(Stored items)
•••

theorem theorem1:
  fixes n :: nat and r :: "real \<Rightarrow> real"
  assumes n1: "n \<ge> 1"
    and prof: "shell_profile (Rn n) (Mn n) (Qn n) r"
  shows
    "(\<forall>\<rho>>0. RNf (Mn n) (Qn n) \<rho> > 0)
     \<and> shell_mass (Rn n) (Mn n) (Qn n) = Mcaln n
     \<and> shell_DEC (Rn n) (Mn n) (Qn n) r
     \<and> (\<forall>l>Rn n. scal r l = 2 * (Qn n / (r l)\<^sup>2)\<^sup>2)
     \<and> Mn n < Qn n
     \<and> (\<forall>l>Rn n. theta_plus r l * theta_minus r l > 0)
     \<and> filterlim r at_top at_top
     \<and> ((\<lambda>l. deriv r l) \<longlongrightarrow> 1) at_top
     \<and> ((\<lambda>l. (deriv r l - 1) * r l) \<longlongrightarrow> - Mn n) at_top
     \<and> Qn n / (2 * Rn n) = 1 - 1 / (2 * real n)
     \<and> Qn n / (2 * Rn n) < 1
     \<and> (\<lambda>k. Qn k / (2 * Rn k)) \<longlonglongrightarrow> 1
     \<and> Rn \<longlonglongrightarrow> 0 \<and> Qn \<longlonglongrightarrow> 0 \<and> Mn \<longlonglongrightarrow> 0 \<and> Mcaln \<longlonglongrightarrow> 0"
proof -
  have R: "0 < Rn n" using n1 by (simp add: Rn_def)
  note m = Mcaln_bounds [OF n1]
  note M = shell_adm_mass_bounds [OF R m(1) Qn_Rn_gap [OF n1], folded Mn_eq_shell_adm_mass]
  interpret charged_shell "Rn n" "Mn n" "Qn n" r
    using R M prof by unfold_locales auto
  have "shell_DEC (Rn n) (Mn n) (Qn n) r"
    using shell_sigma_shell_adm_mass_nonneg [OF R m] scal_nonneg
    by (simp add: shell_DEC_def Mn_eq_shell_adm_mass)
  moreover have "shell_mass (Rn n) (Mn n) (Qn n) = Mcaln n"
    using shell_mass_shell_adm_mass [OF R m(2)] by (simp add: Mn_eq_shell_adm_mass)
  moreover have "(\<lambda>k. Qn k / (2 * Rn k)) \<longlonglongrightarrow> 1" "Rn \<longlonglongrightarrow> 0" "Qn \<longlonglongrightarrow> 0" "Mcaln \<longlonglongrightarrow> 0"
    "Mn \<longlonglongrightarrow> 0"
    unfolding Mn_def Qn_def Rn_def Mcaln_def by real_asymp+
  ultimately show ?thesis
    using M n1 RNf_pos [OF charge_dominates] scal_exterior null_expansions_product_pos
      r_tendsto_at_top deriv_r_tendsto_1 deriv_r_minus_1_times_r_tendsto Qn_over_twice_Rn [OF n1]
    by auto
qed

end
(* Let $N\in\mathbf{N}$, $\varepsilon=2^{-N}$, $\Lambda_\varepsilon=\varepsilon\mathbf{Z}$, and let $\varphi,\psi$ and $\varphi^{N,n}_x,\psi^{N,m}_x$ be as described in the context. Then for every integer $n\in[0,N)$ the set $$\{\varphi^{N,n}_x:x\in\Lambda_n\}\cup\{\psi^{N,m}_x:m\in[n,N)\cap\mathbf{N},\,x\in\Lambda_m\}$$ (restricted to $\Lambda_\varepsilon$) forms an orthonormal basis of $\ell^2(\Lambda_\varepsilon)$ equipped with the inner product $\langle f,g\rangle_\varepsilon=\varepsilon\sum_{y\in\Lambda_\varepsilon}f(y)g(y)$.
   Context: For $n\in\mathbf{N}$ let $\Lambda_n=\{2^{-n}k:k\in\mathbf{Z}\}$. Let $\varphi\in\mathcal{C}^r(\mathbf{R})$ ($r>0$) be a compactly supported (Daubechies) scaling function: $\int\varphi=1$, $\int\varphi(x)\varphi(x+k)dx=\delta_{0,k}$ for $k\in\mathbf{Z}$, and with $\varphi^n_x(\cdot)=2^{n/2}\varphi(2^n(\cdot-x))$ ($x\in\Lambda_n$) there are a finite set $\mathcal{K}\subset\Lambda_1$ and constants $a_k$ with $\varphi^n_x=\sum_{k\in\mathcal{K}}a_k\varphi^{n+1}_{x+2^{-n}k}$. Let $V_n=\overline{\mathrm{span}}\{\varphi^n_x:x\in\Lambda_n\}\subset L^2(\mathbf{R})$ (so $\{\varphi^n_x\}$ is an orthonormal basis of $V_n$ and $V_n\subset V_{n+1}$), and let $\psi\in\mathcal{C}^r(\mathbf{R})$ be the associated compactly supported wavelet, so that $\{\psi^n_x:x\in\Lambda_n\}$, $\psi^n_x=2^{n/2}\psi(2^n(\cdot-x))$, is an orthonormal basis of the orthogonal complement of $V_n$ in $V_{n+1}$, with $\psi^n_x=\sum_{k\in\mathcal{K}}b_k\varphi^{n+1}_{x+2^{-n}k}$ for constants $b_k$. For integers $0\le n\le N$ define the functions $\varphi^{N,n}_x(y)=2^{N/2}\langle\varphi^N_y,\varphi^n_x\rangle_{L^2(\mathbf{R})}$ and, for $n<N$, $\psi^{N,n}_x(y)=2^{N/2}\langle\varphi^N_y,\psi^n_x\rangle_{L^2(\mathbf{R})}$, $x\in\Lambda_n$, $y\in\mathbf{R}$. *)

theory Defs
  imports "HOL-Analysis.Analysis"
begin

definition Lam :: "nat \<Rightarrow> real set" where
  "Lam n = {of_int k / 2 ^ n | k :: int. True}"

definition Cr :: "real \<Rightarrow> (real \<Rightarrow> real) \<Rightarrow> bool" where
  "Cr r f \<longleftrightarrow> (let k = nat (\<lceil>r\<rceil> - 1) in
      (\<forall>j<k. \<forall>x. ((deriv ^^ j) f) differentiable (at x)) \<and>
      (\<forall>a b. \<exists>C. \<forall>x\<in>{a..b}. \<forall>y\<in>{a..b}.
          \<bar>(deriv ^^ k) f x - (deriv ^^ k) f y\<bar> \<le> C * \<bar>x - y\<bar> powr (r - real k)))"

definition scl :: "(real \<Rightarrow> real) \<Rightarrow> nat \<Rightarrow> real \<Rightarrow> real \<Rightarrow> real" where
  "scl f n x = (\<lambda>y. 2 powr (real n / 2) * f (2 ^ n * (y - x)))"

definition L2ip :: "(real \<Rightarrow> real) \<Rightarrow> (real \<Rightarrow> real) \<Rightarrow> real" where
  "L2ip f g = (\<integral>y. f y * g y \<partial>lborel)"

definition sq_int :: "(real \<Rightarrow> real) \<Rightarrow> bool" where
  "sq_int f \<longleftrightarrow> f \<in> borel_measurable lborel \<and> integrable lborel (\<lambda>y. (f y)\<^sup>2)"

definition fin_span :: "(real \<Rightarrow> real) \<Rightarrow> nat \<Rightarrow> (real \<Rightarrow> real) set" where
  "fin_span \<phi> n = {(\<lambda>y. \<Sum>x\<in>S. c x * scl \<phi> n x y) | S c. finite S \<and> S \<subseteq> Lam n}"

definition Vsp :: "(real \<Rightarrow> real) \<Rightarrow> nat \<Rightarrow> (real \<Rightarrow> real) set" where
  "Vsp \<phi> n = {f. sq_int f \<and> (\<exists>g. (\<forall>j. g j \<in> fin_span \<phi> n) \<and>
      (\<lambda>j. \<integral>y. (f y - g j y)\<^sup>2 \<partial>lborel) \<longlonglongrightarrow> 0)}"

text \<open>phi^{N,n}_x(y) = 2^{N/2} <phi^N_y, phi^n_x> and psi^{N,n}_x(y) = 2^{N/2} <phi^N_y, psi^n_x>.\<close>
definition coarse :: "(real \<Rightarrow> real) \<Rightarrow> (real \<Rightarrow> real) \<Rightarrow> nat \<Rightarrow> nat \<Rightarrow> real \<Rightarrow> real \<Rightarrow> real" where
  "coarse \<phi> g N n x y = 2 powr (real N / 2) * L2ip (scl \<phi> N y) (scl g n x)"

definition ip_eps :: "nat \<Rightarrow> (real \<Rightarrow> real) \<Rightarrow> (real \<Rightarrow> real) \<Rightarrow> real" where
  "ip_eps N f g = (1 / 2 ^ N) * (\<Sum>\<^sub>\<infinity>y\<in>Lam N. f y * g y)"

definition in_l2 :: "nat \<Rightarrow> (real \<Rightarrow> real) \<Rightarrow> bool" where
  "in_l2 N f \<longleftrightarrow> (\<lambda>y. (f y)\<^sup>2) summable_on Lam N"

definition is_ONB_l2 :: "nat \<Rightarrow> 'i set \<Rightarrow> ('i \<Rightarrow> real \<Rightarrow> real) \<Rightarrow> bool" where
  "is_ONB_l2 N I e \<longleftrightarrow>
     (\<forall>i\<in>I. in_l2 N (e i)) \<and>
     (\<forall>i\<in>I. \<forall>j\<in>I. ip_eps N (e i) (e j) = (if i = j then 1 else 0)) \<and>
     (\<forall>f. in_l2 N f \<and> (\<forall>i\<in>I. ip_eps N f (e i) = 0) \<longrightarrow> (\<forall>y\<in>Lam N. f y = 0))"
text \<open>At the sampling instant n T_u + l T/M, path i reads the transmitted waveform at
  n T_u + y T/M with y = l - l_i + (n (M + M_CP) + l)/p_i. The bounds on l_i, p_i and the CP
  length keep y in [-M_CP, M), so this instant lies in the n-th symbol, cyclic prefix included,
  where s is the trigonometric polynomial M^(-1/2) sum_m X[n,m] e^(j 2 pi m y/M) at the
  fractional index y. By DFT orthogonality this polynomial is interpolated from its values at
  the integers l' < M, which are the samples S[n,l'], with the periodic sinc kernel; the Doppler
  phase and the linear phase of the kernel make up the phase factors of h.\<close>

lemma sum_cis_roots_of_unity:
  fixes k :: int
  assumes "M > 0"
  shows "(\<Sum>l<M. cis (2 * pi * of_int k * real l / real M)) = (if int M dvd k then of_nat M else 0)"
proof -
  define z where "z = cis (2 * pi * of_int k / real M)"
  have powers: "cis (2 * pi * of_int k * real l / real M) = z ^ l" for l
    by (simp add: z_def DeMoivre mult_ac)
  have "z ^ M = cis (2 * pi * of_int k)"
    using assms by (simp add: z_def DeMoivre)
  then have z_pow_M: "z ^ M = 1" by simp
  have z_eq_1: "z = 1 \<longleftrightarrow> int M dvd k"
  proof
    assume "z = 1"
    then have "cos (2 * pi * of_int k / real M) = 1"
      by (simp add: z_def complex_eq_iff)
    then obtain j :: int where "2 * pi * of_int k / real M = of_int j * 2 * pi"
      using cos_one_2pi_int by blast
    then have "real_of_int k = real_of_int (j * int M)"
      using assms by (simp add: field_simps)
    then show "int M dvd k" by (simp only: of_int_eq_iff) simp
  next
    assume "int M dvd k"
    then obtain j where "k = int M * j" by (elim dvdE)
    then show "z = 1"
      using assms by (simp add: z_def) (metis Ints_of_int cis_multiple_2pi mult.assoc)
  qed
  show ?thesis
  proof (cases "int M dvd k")
    case True
    then show ?thesis using z_eq_1 by (simp add: powers)
  next
    case False
    then show ?thesis using z_eq_1 by (simp add: powers geometric_sum z_pow_M)
  qed
qed

definition idft :: "nat \<Rightarrow> (nat \<Rightarrow> complex) \<Rightarrow> real \<Rightarrow> complex" where
  "idft M x y = (\<Sum>m<M. x m * cis (2 * pi * real m * y / real M))"

definition interp_kernel :: "nat \<Rightarrow> real \<Rightarrow> complex" where
  "interp_kernel M y = 1 / of_nat M * (\<Sum>m<M. cis (2 * pi * real m * y / real M))"

lemma sum_cis_orthogonal:
  assumes "m < M" "m' < M"
  shows "(\<Sum>l<M. cis (2 * pi * of_int (int m' - int m) * real l / real M))
         = (if m = m' then of_nat M else 0)"
proof -
  have "int M dvd int m' - int m \<longleftrightarrow> m = m'"
    using assms dvd_imp_le_int[of "int m' - int m" "int M"] by (cases "m = m'") auto
  then show ?thesis using sum_cis_roots_of_unity[of M "int m' - int m"] assms by simp
qed

lemma idft_interpolation:
  assumes "M > 0"
  shows "idft M x y = (\<Sum>l<M. interp_kernel M (y - real l) * idft M x (real l))"
proof -
  define e :: "int \<Rightarrow> nat \<Rightarrow> complex" where "e k l = cis (2 * pi * of_int k * real l / real M)" for k l
  define c :: "nat \<Rightarrow> complex" where "c m = cis (2 * pi * real m * y / real M)" for m
  have phase: "cis (2 * pi * real m * (y - real l) / real M) * (x m' * cis (2 * pi * real m' * real l / real M))
      = x m' * c m * e (int m' - int m) l" for m m' l
    unfolding c_def e_def using assms by (simp add: cis_mult field_simps)
  have orthogonal: "(\<Sum>l<M. e (int m' - int m) l) = (if m = m' then of_nat M else 0)"
    if "m < M" "m' < M" for m m'
    unfolding e_def using that by (rule sum_cis_orthogonal)
  have "(\<Sum>l<M. interp_kernel M (y - real l) * idft M x (real l))
      = (\<Sum>l<M. 1 / of_nat M * (\<Sum>m<M. \<Sum>m'<M. x m' * c m * e (int m' - int m) l))"
    unfolding interp_kernel_def idft_def by (simp only: mult.assoc[of "1 / of_nat M"] sum_product phase)
  also have "\<dots> = 1 / of_nat M * (\<Sum>l<M. \<Sum>m<M. \<Sum>m'<M. x m' * c m * e (int m' - int m) l)"
    by (simp only: sum_distrib_left)
  also have "\<dots> = 1 / of_nat M * (\<Sum>m<M. \<Sum>l<M. \<Sum>m'<M. x m' * c m * e (int m' - int m) l)"
    by (subst sum.swap) (rule refl)
  also have "\<dots> = 1 / of_nat M * (\<Sum>m<M. \<Sum>m'<M. \<Sum>l<M. x m' * c m * e (int m' - int m) l)"
    by (intro arg_cong[where f = "(*) _"] sum.cong refl sum.swap)
  also have "\<dots> = 1 / of_nat M * (\<Sum>m<M. \<Sum>m'<M. x m' * c m * (\<Sum>l<M. e (int m' - int m) l))"
    by (simp only: sum_distrib_left)
  also have "\<dots> = 1 / of_nat M * (\<Sum>m<M. of_nat M * (x m * c m))"
    by (intro arg_cong[where f = "(*) _"] sum.cong refl) (simp add: orthogonal if_distrib cong: if_cong)
  also have "\<dots> = idft M x y"
    using assms by (simp add: idft_def c_def sum_distrib_left[symmetric])
  finally show ?thesis ..
qed

lemma rect_symbol_window:
  assumes "M > 0" "df > 0" "- real Mcp \<le> y" "y < real M"
  shows "rect (Tu M Mcp df) (real n * Tu M Mcp df + y / real M * Tsym df - real n' * Tu M Mcp df + Tcp M Mcp df)
         = (if n' = n then 1 else 0)"
proof -
  define A where "A = (real n - real n') * (real M + real Mcp) + y + real Mcp"
  have scale: "real M * df > 0" using assms by simp
  have time: "real n * Tu M Mcp df + y / real M * Tsym df - real n' * Tu M Mcp df + Tcp M Mcp df
      = A / (real M * df)"
    using assms by (simp add: A_def Tu_def Tcp_def Tsym_def field_simps)
  have duration: "Tu M Mcp df = (real M + real Mcp) / (real M * df)"
    using assms by (simp add: Tu_def Tsym_def)
  have "rect (Tu M Mcp df) (real n * Tu M Mcp df + y / real M * Tsym df - real n' * Tu M Mcp df + Tcp M Mcp df)
      = (if 0 \<le> A \<and> A < real M + real Mcp then 1 else 0)"
    unfolding rect_def time unfolding duration using scale by (auto simp: divide_less_cancel zero_le_divide_iff)
  moreover have "0 \<le> A \<and> A < real M + real Mcp \<longleftrightarrow> n' = n"
  proof (cases "n' = n")
    case False
    then have "real n - real n' \<ge> 1 \<or> real n - real n' \<le> -1" by linarith
    then have "(real n - real n') * (real M + real Mcp) \<ge> real M + real Mcp
        \<or> (real n - real n') * (real M + real Mcp) \<le> - (real M + real Mcp)"
      by (metis add_nonneg_nonneg mult_1 mult_minus_left mult_right_mono of_nat_0_le_iff)
    with False show ?thesis using assms unfolding A_def by linarith
  qed (use assms in \<open>simp add: A_def\<close>)
  ultimately show ?thesis by simp
qed

lemma tx_within_symbol:
  assumes "M > 0" "df > 0" "n \<le> N + 1" "- real Mcp \<le> y" "y < real M"
  shows "tx M N Mcp df X (real n * Tu M Mcp df + y / real M * Tsym df)
         = idft M (X n) y / complex_of_real (sqrt (real M))"
proof -
  define t where "t = real n * Tu M Mcp df + y / real M * Tsym df"
  have window: "rect (Tu M Mcp df) (t - real n' * Tu M Mcp df + Tcp M Mcp df) = (if n' = n then 1 else 0)" for n'
    unfolding t_def using assms(1,2,4,5) by (rule rect_symbol_window)
  have phase: "2 * pi * real m * df * (t - real n * Tu M Mcp df) = 2 * pi * real m * y / real M" for m
    using assms by (simp add: t_def Tsym_def field_simps)
  have "tx M N Mcp df X t
      = 1 / complex_of_real (sqrt (real M)) * (\<Sum>n'\<le>N + 1. if n' = n then idft M (X n) y else 0)"
    unfolding tx_def by (intro arg_cong[where f = "(*) _"] sum.cong refl) (simp add: window phase idft_def)
  also have "\<dots> = idft M (X n) y / complex_of_real (sqrt (real M))"
    using assms by simp
  finally show ?thesis unfolding t_def .
qed

lemma txS_eq_idft:
  assumes "M > 0" "df > 0" "n \<le> N + 1" "l < M"
  shows "txS M N Mcp df X n l = idft M (X n) (real l) / complex_of_real (sqrt (real M))"
  unfolding txS_def using assms by (intro tx_within_symbol) simp_all

lemma dirich_eq_interp_kernel:
  "dirich M x = interp_kernel M x * cis (- pi * (real M - 1) / real M * x)"
  by (simp add: dirich_def interp_kernel_def)

lemma hcoef_eq_interp_kernel:
  assumes "M > 0" "N > 0" "df > 0" "fc > 0"
  shows "hcoef M N Mcp df fc b tau nu n l l' =
     b * cis (2 * pi * nu * (real n * Tu M Mcp df + real l / real M * Tsym df))
       * interp_kernel M (real l - ldel M df tau + real (n * (M + Mcp) + l) * invp fc nu - real l')"
proof -
  define q where "q = real (n * (M + Mcp) + l)"
  define x where "x = real l - real l' - ldel M df tau + q * invp fc nu"
  have "cis (2 * pi * (q / real M) * (kdop N df nu / real N) * (1 + (real M - 1) * df / (2 * fc)))
        * cis (pi * (real M - 1) / real M * (real l - real l' - ldel M df tau))
        * cis (- pi * (real M - 1) / real M * x)
      = cis (2 * pi * nu * (real n * Tu M Mcp df + real l / real M * Tsym df))"
    unfolding cis_mult x_def q_def kdop_def invp_def Tu_def Tsym_def
    using assms by (intro arg_cong[where f = cis]) (simp add: field_simps)
  moreover have "x = real l - ldel M df tau + q * invp fc nu - real l'"
    by (simp add: x_def)
  ultimately show ?thesis
    unfolding hcoef_def Let_def dirich_eq_interp_kernel q_def[symmetric] x_def[symmetric]
    by (simp add: mult_ac)
qed

lemma abs_mult_invp_less_2:
  fixes q K :: real
  assumes "0 \<le> q" "q \<le> 2 * K" "nu = 0 \<or> \<bar>fc / nu\<bar> > K"
  shows "\<bar>q * invp fc nu\<bar> < 2"
proof (cases "nu = 0")
  case False
  then have "\<bar>fc / nu\<bar> > K" using assms(3) by simp
  then have "q < 2 * \<bar>fc / nu\<bar>" "\<bar>fc / nu\<bar> > 0" using assms(1,2) by linarith+
  moreover have "\<bar>q * invp fc nu\<bar> = q / \<bar>fc / nu\<bar>"
    using assms(1) by (simp add: invp_def abs_mult)
  ultimately show ?thesis by (metis pos_divide_less_eq mult.commute)
qed (simp add: invp_def)

lemma path_sample_expansion:
  fixes M N Mcp n l :: nat and df fc tau nu :: real and b :: complex
  defines "t \<equiv> real n * Tu M Mcp df + real l / real M * Tsym df"
    and "y \<equiv> real l - ldel M df tau + real (n * (M + Mcp) + l) * invp fc nu"
  assumes pos: "M > 0" "N > 0" "df > 0" "fc > 0" and n: "n \<le> N + 1"
    and window: "- real Mcp \<le> y" "y < real M"
  shows "b * cis (2 * pi * nu * t) * tx M N Mcp df X (t - (tau - nu / fc * t))
         = (\<Sum>l'<M. hcoef M N Mcp df fc b tau nu n l l' * txS M N Mcp df X n l')"
proof -
  have delayed_time: "t - (tau - nu / fc * t) = real n * Tu M Mcp df + y / real M * Tsym df"
    unfolding t_def y_def ldel_def invp_def Tu_def Tsym_def using pos by (simp add: field_simps)
  have "(\<Sum>l'<M. hcoef M N Mcp df fc b tau nu n l l' * txS M N Mcp df X n l')
      = (\<Sum>l'<M. b * cis (2 * pi * nu * t) * interp_kernel M (y - real l')
                  * (idft M (X n) (real l') / complex_of_real (sqrt (real M))))"
    by (intro sum.cong refl)
      (simp only: hcoef_eq_interp_kernel[OF pos] txS_eq_idft[OF pos(1,3) n] lessThan_iff
        t_def[symmetric] y_def[symmetric])
  also have "\<dots> = b * cis (2 * pi * nu * t) / complex_of_real (sqrt (real M))
                  * (\<Sum>l'<M. interp_kernel M (y - real l') * idft M (X n) (real l'))"
    by (simp add: sum_distrib_left sum_divide_distrib mult_ac)
  also have "\<dots> = b * cis (2 * pi * nu * t) / complex_of_real (sqrt (real M)) * idft M (X n) y"
    by (simp only: idft_interpolation[OF pos(1), symmetric])
  also have "\<dots> = b * cis (2 * pi * nu * t) * tx M N Mcp df X (t - (tau - nu / fc * t))"
    unfolding delayed_time tx_within_symbol[OF pos(1,3) n window] by simp
  finally show ?thesis ..
qed

theorem theorem1:
  fixes M N Mcp NP :: nat and fc df :: real
    and X :: "nat \<Rightarrow> nat \<Rightarrow> complex"
    and beta :: "nat \<Rightarrow> complex" and tau nu :: "nat \<Rightarrow> real"
  assumes "M > 0" and "N > 0" and "Mcp > 0" and "fc > 0" and "df > 0"
    and "\<forall>i\<in>{1..NP}. ldel M df (tau i) \<ge> 1 \<and> ldel M df (tau i) \<le> real_of_int (lmax M df NP tau)"
    and "\<forall>i\<in>{1..NP}. nu i = 0 \<or> \<bar>fc / nu i\<bar> > real ((N + 2) * M)"
    and "lmax M df NP tau + 2 \<le> int Mcp" and "Mcp < M"
  shows "\<forall>n\<le>N+1. \<forall>l<M.
           rxS M N Mcp df fc X NP beta tau nu n l =
           (\<Sum>i\<in>{1..NP}. \<Sum>l'<M. hcoef M N Mcp df fc (beta i) (tau i) (nu i) n l l' * txS M N Mcp df X n l')"
proof (intro allI impI)
  fix n l assume n: "n \<le> N + 1" and l: "l < M"
  have "n * (M + Mcp) + l \<le> (N + 1) * (2 * M) + M"
    using n l \<open>Mcp < M\<close> by (intro add_mono mult_mono) auto
  also have "\<dots> \<le> 2 * ((N + 2) * M)" by (simp add: algebra_simps)
  finally have sample_index: "real (n * (M + Mcp) + l) \<le> 2 * real ((N + 2) * M)"
    by (metis of_nat_le_iff of_nat_mult of_nat_numeral)
  have delay_bounds: "1 \<le> ldel M df (tau i) \<and> ldel M df (tau i) \<le> real Mcp - 2" if "i \<in> {1..NP}" for i
    using assms(6,8) that by force
  have path: "beta i * cis (2 * pi * nu i * t) * tx M N Mcp df X (t - (tau i - nu i / fc * t))
      = (\<Sum>l'<M. hcoef M N Mcp df fc (beta i) (tau i) (nu i) n l l' * txS M N Mcp df X n l')"
    if i: "i \<in> {1..NP}" and t: "t = real n * Tu M Mcp df + real l / real M * Tsym df" for i t
    unfolding t
  proof (rule path_sample_expansion[OF assms(1,2,5,4) n])
    have "\<bar>real (n * (M + Mcp) + l) * invp fc (nu i)\<bar> < 2"
      using sample_index assms(7) i by (intro abs_mult_invp_less_2) auto
    then show "- real Mcp \<le> real l - ldel M df (tau i) + real (n * (M + Mcp) + l) * invp fc (nu i)"
      and "real l - ldel M df (tau i) + real (n * (M + Mcp) + l) * invp fc (nu i) < real M"
      using delay_bounds[OF i] l by linarith+
  qed
  show "rxS M N Mcp df fc X NP beta tau nu n l =
      (\<Sum>i\<in>{1..NP}. \<Sum>l'<M. hcoef M N Mcp df fc (beta i) (tau i) (nu i) n l l' * txS M N Mcp df X n l')"
    unfolding rxS_def rx_def using path by (intro sum.cong) auto
qed

end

•••

- [REQUIRED ACTION]
Above are the records. Copy every line in them holding "open".

- [RESULT OF THIS TASK]
text \<open>phi^{N,n}_x(y) = 2^{N/2} <phi^N_y, phi^n_x> and psi^{N,n}_x(y) = 2^{N/2} <phi^N_y, psi^n_x>.\<close>
text \<open>At the sampling instant n T_u + l T/M, path i reads the transmitted waveform at
  qed (use assms in \<open>simp add: A_def\<close>)
    using n l \<open>Mcp < M\<close> by (intro add_mono mult_mono) auto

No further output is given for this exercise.